(Data shown Opens)
(* Consider the following stochastic system on a time horizon $\{0,\dots,T\}$. The plant evolves as $x^{t+1}=F_t(x^t,v^t)$ with $F_t:\mathbb{R}^n\times\mathbb{R}^m\to\mathbb{R}^n$, where $v^t=b^tu^t$, $u^t\in\mathbb{R}^m$ is the controller's action and $b^t\in\{0,1\}$ is the transmission state of the link. The link regime $s^t$ takes values in the finite set $\mathcal{F}=\{1,\dots,|\mathcal{F}|\}$; at each time $t$ the jammer takes an action $a^t\in\mathcal{A}=\{1,\dots,N\}$, which selects a row-stochastic matrix $P^t(a^t)\in\mathbb{R}^{|\mathcal{F}|\times|\mathcal{F}|}$, and the new regime is drawn according to $\mathrm{Pr}(s^{t+1}=i\mid s^t=j,a^t=a)=P^t_{ji}(a)$ (conditionally on $s^t,a^t$, independently of the rest of the past). Given $s^{t+1}$, the variable $b^t$ is conditionally independent of all previous regimes, of the current and past plant states and of the current and past actions of both players, with $\mathrm{Pr}(b^t=1\mid s^{t+1}=j)=q^t_j\in[0,1]$. Then, given a sequence of controller's and jammer's actions, the joint state-link process $\{(x^t,s^t)\}_{t=0}^T$ is a Markov process: for every $t=0,\dots,T-1$ and all Borel sets $\Lambda\subseteq\mathbb{R}^n$, $S\subseteq\mathcal{F}$, \[ \mathrm{Pr}\big(x^{t+1}\in\Lambda,s^{t+1}\in S\,\big|\,\{(x^\theta,s^\theta),u^\theta,a^\theta\}_{\theta=0}^t\big)=\mathrm{Pr}\big(x^{t+1}\in\Lambda,s^{t+1}\in S\,\big|\,x^t,s^t,u^t,a^t\big). \]
   Context: The initial plant state $x^0$ and the initial regime $s^0$ are given (deterministic). $P^t_{ji}(a)$ denotes the $(j,i)$ entry of $P^t(a)$. *)

theory Defs
  imports "HOL-Probability.Probability"
begin

definition cprob :: "'w measure \<Rightarrow> 'w set \<Rightarrow> 'w set \<Rightarrow> real" where
  "cprob M A B = measure M (A \<inter> B) / measure M B"

end

theory Submission
  imports Defs
begin
(* Consider the generalized Pólya–Young urn described in the context, with parameters $p\in\mathbb{N}$, $\sigma>0$, $\ell>0$, $w_0>0$, $b_0\ge0$. Then: (i) For all $N\ge0$ and $s\in\mathbb{N}_0$, \[ \mathbb{E}\big(\langle W_N/\sigma\rangle_s\big)=\langle w_0/\sigma\rangle_s\prod_{j=0}^{N-1}\frac{T_j+s\sigma}{T_j}. \] (ii) For all real $v$ with $|v-1|<1$, \[ \mathbb{E}\big(v^{W_N/\sigma}\big)=\sum_{s\ge0}\frac{(v-1)^s}{s!}\sum_{r=0}^{s}(-1)^{s-r}L_{s,r}\,\langle w_0/\sigma\rangle_r\prod_{j=0}^{N-1}\frac{T_j+r\sigma}{T_j}, \] where $L_{s,r}$ are the Lah numbers. (iii) Let $g_N=\prod_{j=0}^{N-1}\frac{T_j}{T_j+\sigma}$. Then $g_N\,N^{\Lambda}\to\kappa$ as $N\to\infty$, where \[ \kappa=p^{\Lambda}\prod_{r=0}^{p-1}\frac{\Gamma\!\left(\frac{r}{\psi}+\frac{w_0+b_0}{\sigma\psi}+\frac1\psi\right)}{\Gamma\!\left(\frac{r}{\psi}+\frac{w_0+b_0}{\sigma\psi}\right)}. \] (iv) $M_N:=g_NW_N$ is a non-negative martingale with respect to $(\mathcal{F}_N)$, it converges almost surely to a limit $M_\infty$, and $W_N/N^{\Lambda}\to M_\infty/\kappa$ almost surely.
   Context: Generalized Pólya–Young urn: fix $p\in\mathbb{N}$, reals $\sigma>0$, $\ell>0$, and initial amounts $w_0>0$ (white) and $b_0\ge0$ (black); ball amounts are allowed to be real. Let $W_N,B_N$ be the white/black amounts after $N$ steps and $T_N=W_N+B_N$. At step $N\ge1$ a colour is drawn, white with conditional probability $W_{N-1}/T_{N-1}$, black otherwise. If $p\nmid N$, the drawn colour gains $\sigma$ (replacement matrix $\mathrm{diag}(\sigma,\sigma)$). If $p\mid N$, the replacement matrix is $\begin{pmatrix}\sigma&\ell\\0&\sigma+\ell\end{pmatrix}$: if white was drawn, white gains $\sigma$ and black gains $\ell$; if black was drawn, black gains $\sigma+\ell$. Hence for $N=np+k$ with $n\in\mathbb{N}_0$, $0\le k\le p-1$: $T_N=n(p\sigma+\ell)+k\sigma+w_0+b_0$ (deterministic). $\mathcal{F}_N$ is the $\sigma$-field generated by the first $N$ draws. Set $\psi=p+\ell/\sigma$ and $\Lambda=p/\psi=\frac{p}{p+\ell/\sigma}\in(0,1)$. Rising factorials: $\langle x\rangle_s=x(x+1)\cdots(x+s-1)$, $\langle x\rangle_0=1$. Lah numbers: $L_{0,0}=1$, $L_{s,0}=0$ for $s\ge1$, and $L_{s,r}=\binom{s}{r}\frac{(s-1)!}{(r-1)!}$ for $1\le r\le s$. *)

theory Defs
  imports "HOL-Probability.Probability"
begin
(* Let $\Omega\subseteq\mathbb{R}^d$ be compact, $m\ge0$, and let $h_0,C_1,C_2>0$ be constants of local polynomial reproduction as described in the context. Fix $\nu>0$, $\gamma\in(0,1)$, $c_\gamma>1$, $c_{qu}>0$. Let $X=\{x_1,\dots,x_N\}\subseteq\Omega$ be $\pi_m(\mathbb{R}^d)$-unisolvent and quasi-uniform with respect to $c_{qu}$, with $h_{X,\Omega}\le h_0$, and let $\gamma c_\gamma h_{X,\Omega}\le\delta\le c_\gamma h_{X,\Omega}$. For $x\in\Omega$ let $(a_1^*(x),\dots,a_N^*(x))$ be any minimizer of the linear program $$\min\ \sum_{i=1}^N\frac{|a_i|}{e^{-\nu(\|x-x_i\|_2/\delta)^2}}\quad\text{subject to}\quad\sum_{i=1}^N p(x_i)a_i=p(x)\ \text{ for all }p\in\pi_m(\mathbb{R}^d).$$ Then $\sum_i p(x_i)a_i^*(x)=p(x)$ for all $p\in\pi_m(\mathbb{R}^d)$, and for all $x\in\Omega$, $i=1,\dots,N$, $$|a_i^*(x)|\le C\,\varphi\!\left(\frac{\|x-x_i\|_2}{q_X}\right),\qquad C=e\,C_1\exp\!\Big(\nu\Big(\frac{C_2}{\gamma c_\gamma}\Big)^2\Big),\quad \varphi(t)=\exp\!\Big(-\sqrt{\nu}\,\frac{t}{c_\gamma c_{qu}}\Big).$$ Hence these functions provide fast-decaying polynomial reproduction of degree $m$ with respect to $\varphi$.
   Context: Constants $h_0,C_1,C_2>0$: for every finite $X=\{x_1,\dots,x_N\}\subseteq\Omega$ with $h_{X,\Omega}\le h_0$ and every $x\in\Omega$ there are reals $\tilde u_j(x)$ with $\sum_j p(x_j)\tilde u_j(x)=p(x)$ for all $p\in\pi_m(\mathbb{R}^d)$, $\sum_j|\tilde u_j(x)|\le C_1$, $\tilde u_j(x)=0$ if $\|x-x_j\|_2>C_2h_{X,\Omega}$. $q_X=\frac12\min_{i\ne j}\|x_i-x_j\|_2$, $h_{X,\Omega}=\sup_{x\in\Omega}\min_j\|x-x_j\|_2$; quasi-uniform w.r.t. $c_{qu}$ means $q_X\le h_{X,\Omega}\le c_{qu}q_X$. $\pi_m(\mathbb{R}^d)$: polynomials of total degree $\le m$; unisolvent: only the zero polynomial of $\pi_m$ vanishes on $X$. Fast-decaying polynomial reproduction of degree $m$ w.r.t. a decreasing $\varphi>0$ with $\lim\varphi(n+1)/\varphi(n)<1$: $\sum_j p(x_j)a_j^*=p$ for all $p\in\pi_m(\mathbb{R}^d)$ and $|a_j^*(x)|\le C\varphi(\|x-x_j\|_2/q_X)$ for all $x,j$. *)

theory Defs
  imports "HOL-Analysis.Analysis"
begin

definition monomial :: "('d::finite \<Rightarrow> nat) \<Rightarrow> real^'d \<Rightarrow> real" where
  "monomial \<alpha> x = (\<Prod>i\<in>UNIV. (x $ i) ^ (\<alpha> i))"

definition poly_space :: "nat \<Rightarrow> (real^'d::finite \<Rightarrow> real) set" where
  "poly_space m = {p. \<exists>c :: ('d \<Rightarrow> nat) \<Rightarrow> real.
      p = (\<lambda>x. \<Sum>\<alpha>\<in>{\<alpha>. sum \<alpha> UNIV \<le> m}. c \<alpha> * monomial \<alpha> x)}"

definition unisolvent :: "nat \<Rightarrow> (real^'d::finite) set \<Rightarrow> bool" where
  "unisolvent m X \<longleftrightarrow> (\<forall>p\<in>poly_space m. (\<forall>y\<in>X. p y = 0) \<longrightarrow> p = (\<lambda>_. 0))"

definition fill_dist :: "(real^'d::finite) set \<Rightarrow> (real^'d) set \<Rightarrow> real" where
  "fill_dist X \<Omega> = (SUP x\<in>\<Omega>. infdist x X)"

definition sep_dist :: "(real^'d::finite) set \<Rightarrow> real" where
  "sep_dist X = Inf {dist a b / 2 | a b. a \<in> X \<and> b \<in> X \<and> a \<noteq> b}"

definition quasi_uniform :: "real \<Rightarrow> (real^'d::finite) set \<Rightarrow> (real^'d) set \<Rightarrow> bool" where
  "quasi_uniform cqu X \<Omega> \<longleftrightarrow> sep_dist X \<le> fill_dist X \<Omega> \<and> fill_dist X \<Omega> \<le> cqu * sep_dist X"

definition local_poly_repr ::
  "(real^'d::finite) set \<Rightarrow> nat \<Rightarrow> real \<Rightarrow> real \<Rightarrow> real \<Rightarrow> bool" where
  "local_poly_repr \<Omega> m h0 C1 C2 \<longleftrightarrow>
    (\<forall>(N::nat) (y::nat \<Rightarrow> real^'d). N \<ge> 1 \<and> inj_on y {..<N} \<and> y ` {..<N} \<subseteq> \<Omega>
       \<and> fill_dist (y ` {..<N}) \<Omega> \<le> h0 \<longrightarrow>
      (\<forall>x\<in>\<Omega>. \<exists>u::nat \<Rightarrow> real.
         (\<forall>p\<in>poly_space m. (\<Sum>j<N. p (y j) * u j) = p x)
       \<and> (\<Sum>j<N. \<bar>u j\<bar>) \<le> C1
       \<and> (\<forall>j<N. norm (x - y j) > C2 * fill_dist (y ` {..<N}) \<Omega> \<longrightarrow> u j = 0)))"
(* Let $D$ be a Dedekind domain with field of fractions $K$ and let $A$ be a $D$-algebra with standard assumptions. Let $P$ be a nonzero prime ideal of $D$. Then the following are equivalent: (1) $N_{D/P}(A/PA)\neq (0)$; (2) $D_P[X]\subsetneq \textnormal{Int}_K(A_P)$; (3) $D/P$ is finite and $A/PA$ is an algebraic $D/P$-algebra of bounded degree.
   Context: A $D$-algebra $A$ satisfies the standard assumptions if it is torsion-free as a $D$-module and $A\cap K = D$ inside $K\otimes_D A$; polynomials in $K[X]$ are evaluated in $K\otimes_D A$. $A_P=(D\setminus P)^{-1}A$ and $\textnormal{Int}_K(A_P)=\{f\in K[X]\mid f(A_P)\subseteq A_P\}$. For a commutative ring $R$ and $R$-algebra $C$, $N_R(C)=\{f\in R[X]\mid f(c)=0\ \forall c\in C\}$. An algebra over a field $F$ is algebraic of bounded degree if there is $n$ such that every element satisfies a nonzero polynomial over $F$ of degree at most $n$. *)

theory Defs
  imports "HOL-Computational_Algebra.Polynomial" "HOL-Computational_Algebra.Fraction_Field"
begin

section \<open>Commutative ring notions (the domain D is the whole type 'd)\<close>

definition is_ideal :: "'a::comm_ring_1 set \<Rightarrow> bool" where
  "is_ideal I \<longleftrightarrow> 0 \<in> I \<and> (\<forall>x\<in>I. \<forall>y\<in>I. x + y \<in> I) \<and> (\<forall>r. \<forall>x\<in>I. r * x \<in> I)"

definition is_prime_ideal :: "'a::comm_ring_1 set \<Rightarrow> bool" where
  "is_prime_ideal P \<longleftrightarrow> is_ideal P \<and> P \<noteq> UNIV \<and> (\<forall>x y. x * y \<in> P \<longrightarrow> x \<in> P \<or> y \<in> P)"

definition is_maximal_ideal :: "'a::comm_ring_1 set \<Rightarrow> bool" where
  "is_maximal_ideal M \<longleftrightarrow> is_ideal M \<and> M \<noteq> UNIV \<and>
     (\<forall>J. is_ideal J \<longrightarrow> M \<subseteq> J \<longrightarrow> J = M \<or> J = UNIV)"

definition ideal_span :: "'a::comm_ring_1 set \<Rightarrow> 'a set" where
  "ideal_span S = {x. \<exists>c. x = (\<Sum>s\<in>S. c s * s)}"

definition noetherian_ring :: "'a::comm_ring_1 itself \<Rightarrow> bool" where
  "noetherian_ring _ \<longleftrightarrow> (\<forall>I::'a set. is_ideal I \<longrightarrow> (\<exists>S. finite S \<and> I = ideal_span S))"

definition to_K :: "'a::idom \<Rightarrow> 'a fract" where
  "to_K x = Fract x 1"

definition integrally_closed :: "'a::idom itself \<Rightarrow> bool" where
  "integrally_closed _ \<longleftrightarrow> (\<forall>(x::'a fract) (f::'a poly). lead_coeff f = 1 \<and>
      poly (map_poly to_K f) x = 0 \<longrightarrow> (\<exists>d. x = to_K d))"

definition dedekind_domain :: "'a::idom itself \<Rightarrow> bool" where
  "dedekind_domain T \<longleftrightarrow> noetherian_ring T \<and> integrally_closed T \<and>
     (\<forall>P::'a set. is_prime_ideal P \<and> P \<noteq> {0} \<longrightarrow> is_maximal_ideal P)"

text \<open>We model K \<otimes>_D A as a ring 'b together with an injective ring homomorphism
  \<phi> : K \<rightarrow> 'b with central image (a K-algebra), and A as a subset of 'b.
  Since A is torsion-free, A embeds into K \<otimes>_D A = (D\<setminus>0)^{-1} A, and this localisation is
  characterised by: every element is \<phi>(1/d) * a with d \<noteq> 0, a \<in> A.\<close>
definition standard_assumptions :: "('d::idom fract \<Rightarrow> 'b::ring_1) \<Rightarrow> 'b set \<Rightarrow> bool" where
  "standard_assumptions \<phi> A \<longleftrightarrow>
     \<comment> \<open>\<phi> is an injective unital ring homomorphism with central image\<close>
     \<phi> 1 = 1 \<and> (\<forall>x y. \<phi> (x + y) = \<phi> x + \<phi> y) \<and> (\<forall>x y. \<phi> (x * y) = \<phi> x * \<phi> y) \<and>
     inj \<phi> \<and> (\<forall>x b. \<phi> x * b = b * \<phi> x) \<and>
     \<comment> \<open>A is a subring containing the image of D (the D-algebra structure)\<close>
     1 \<in> A \<and> (\<forall>a\<in>A. \<forall>b\<in>A. a + b \<in> A \<and> a - b \<in> A \<and> a * b \<in> A) \<and>
     (\<forall>d. \<phi> (to_K d) \<in> A) \<and>
     \<comment> \<open>'b is K \<otimes>_D A\<close>
     (\<forall>b. \<exists>d a. d \<noteq> 0 \<and> a \<in> A \<and> b = \<phi> (inverse (to_K d)) * a) \<and>
     \<comment> \<open>A \<inter> K = D\<close>
     A \<inter> range \<phi> = \<phi> ` range to_K"

definition peval :: "('k::zero \<Rightarrow> 'b::semiring_1) \<Rightarrow> 'k poly \<Rightarrow> 'b \<Rightarrow> 'b" where
  "peval \<psi> f b = (\<Sum>i\<le>degree f. \<psi> (coeff f i) * b ^ i)"

definition loc_D :: "'d::idom set \<Rightarrow> 'd fract set" where
  "loc_D P = {Fract x s | x s. s \<notin> P}"

definition loc_A :: "('d::idom fract \<Rightarrow> 'b::ring_1) \<Rightarrow> 'b set \<Rightarrow> 'd set \<Rightarrow> 'b set" where
  "loc_A \<phi> A P = {\<phi> (inverse (to_K s)) * a | s a. s \<notin> P \<and> a \<in> A}"

definition Int_K :: "('d::idom fract \<Rightarrow> 'b::ring_1) \<Rightarrow> 'b set \<Rightarrow> 'd fract poly set" where
  "Int_K \<phi> S = {f. \<forall>b\<in>S. peval \<phi> f b \<in> S}"

definition ext_ideal :: "('d::idom fract \<Rightarrow> 'b::ring_1) \<Rightarrow> 'b set \<Rightarrow> 'd set \<Rightarrow> 'b set" where
  "ext_ideal \<phi> A P = {x. \<exists>(n::nat) p a. (\<forall>i<n. p i \<in> P \<and> a i \<in> A) \<and>
                          x = (\<Sum>i<n. \<phi> (to_K (p i)) * a i)}"

text \<open>Elements of (D/P)[X] are represented by lifts g \<in> D[X]; g is zero mod P iff all its
  coefficients lie in P; g(\<bar>a\<bar>) = 0 in A/PA iff g(a) \<in> PA.
  N_{D/P}(A/PA) \<noteq> (0): some polynomial over D/P, nonzero, vanishes on all of A/PA.\<close>
definition null_ideal_mod_nonzero :: "('d::idom fract \<Rightarrow> 'b::ring_1) \<Rightarrow> 'b set \<Rightarrow> 'd set \<Rightarrow> bool" where
  "null_ideal_mod_nonzero \<phi> A P \<longleftrightarrow>
     (\<exists>g::'d poly. (\<exists>i. coeff g i \<notin> P) \<and>
        (\<forall>a\<in>A. peval (\<phi> \<circ> to_K) g a \<in> ext_ideal \<phi> A P))"

definition quot_ring :: "'d::comm_ring_1 set \<Rightarrow> 'd set set" where
  "quot_ring P = (\<lambda>x. {y. x - y \<in> P}) ` UNIV"

text \<open>A/PA is an algebraic D/P-algebra of bounded degree: there is n such that every
  residue class a + PA is a root of a nonzero polynomial over D/P of degree \<le> n
  (the reduction mod P of g is nonzero and has degree \<le> n).\<close>
definition bounded_degree_mod :: "('d::idom fract \<Rightarrow> 'b::ring_1) \<Rightarrow> 'b set \<Rightarrow> 'd set \<Rightarrow> bool" where
  "bounded_degree_mod \<phi> A P \<longleftrightarrow>
     (\<exists>n::nat. \<forall>a\<in>A. \<exists>g::'d poly. (\<exists>i. coeff g i \<notin> P) \<and> (\<forall>i>n. coeff g i \<in> P) \<and>
        peval (\<phi> \<circ> to_K) g a \<in> ext_ideal \<phi> A P)"
(* Let $H$ be a digraph with at least two vertices and $s\in V(H)$ such that every vertex of $H$ is reachable from $s$, and let $(\hat T,\{B_x\}_{x\in V(\hat T)})$ be the $s$-rooted cut decomposition of $H$. Let $y$ be a node of $\hat T$ such that the path in $\hat T$ from $s$ to $y$ contains at least $\ell\ge 1$ nodes $x$ whose sets $B_x$ are non-degenerate. Then $H$ contains an out-tree rooted at $s$ with at least $\ell$ leaves.
   Context: Digraphs are finite and without loops; paths are directed. An out-tree is an oriented tree with exactly one vertex of in-degree zero (its root); its leaves are its vertices of out-degree zero. A vertex $v$ is bi-reachable from $r$ if there are two internally vertex-disjoint directed paths from $r$ to $v$. For a digraph $H$ with at least two vertices and $r\in V(H)$ such that every vertex of $H$ is reachable from $r$, the diblock $B_r$ of $r$ in $H$ is the set of all vertices bi-reachable from $r$, together with $r$ and all out-neighbours of $r$. For $x\in B_r\setminus\{r\}$ let $X_x$ be the set of vertices $v\in V(H)\setminus B_r$ such that every directed $r$–$v$ path intersects $B_r$ for the last time in $x$; $x$ is a bottleneck of $B_r$ if $X_x\ne\emptyset$ (the sets $X_x$ partition $V(H)\setminus B_r$). The $r$-rooted cut decomposition $(\hat T,\{B_x\}_{x\in V(\hat T)})$ of $H$ is defined recursively: $\hat T$ is a rooted tree with root $r$ and $V(\hat T)\subseteq V(H)$; the set associated with the root is $B_r$; the children of $r$ are the bottlenecks of $B_r$; and for each bottleneck $x$, the subtree of $\hat T$ rooted at $x$ together with its associated sets is the $x$-rooted cut decomposition of the induced subgraph $H[X_x\cup\{x\}]$. A set $B_x$ is degenerate if $x$ is an internal (non-leaf) node of $\hat T$ and $|B_x|=2$; otherwise it is non-degenerate. *)

theory Defs
  imports Main
begin

definition is_path :: "'a set \<Rightarrow> ('a \<times> 'a) set \<Rightarrow> 'a list \<Rightarrow> 'a \<Rightarrow> 'a \<Rightarrow> bool" where
  "is_path V A p u v \<longleftrightarrow> p \<noteq> [] \<and> hd p = u \<and> last p = v \<and> distinct p \<and> set p \<subseteq> V \<and>
     (\<forall>i. Suc i < length p \<longrightarrow> (p ! i, p ! Suc i) \<in> A)"

definition ind :: "('a \<times> 'a) set \<Rightarrow> 'a set \<Rightarrow> ('a \<times> 'a) set" where
  "ind A S = A \<inter> (S \<times> S)"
(Data shown Closes)
Where a line above holds the word "inverse", copy it.

     (\<forall>b. \<exists>d a. d \<noteq> 0 \<and> a \<in> A \<and> b = \<phi> (inverse (to_K d)) * a) \<and>
  "loc_A \<phi> A P = {\<phi> (inverse (to_K s)) * a | s a. s \<notin> P \<and> a \<in> A}"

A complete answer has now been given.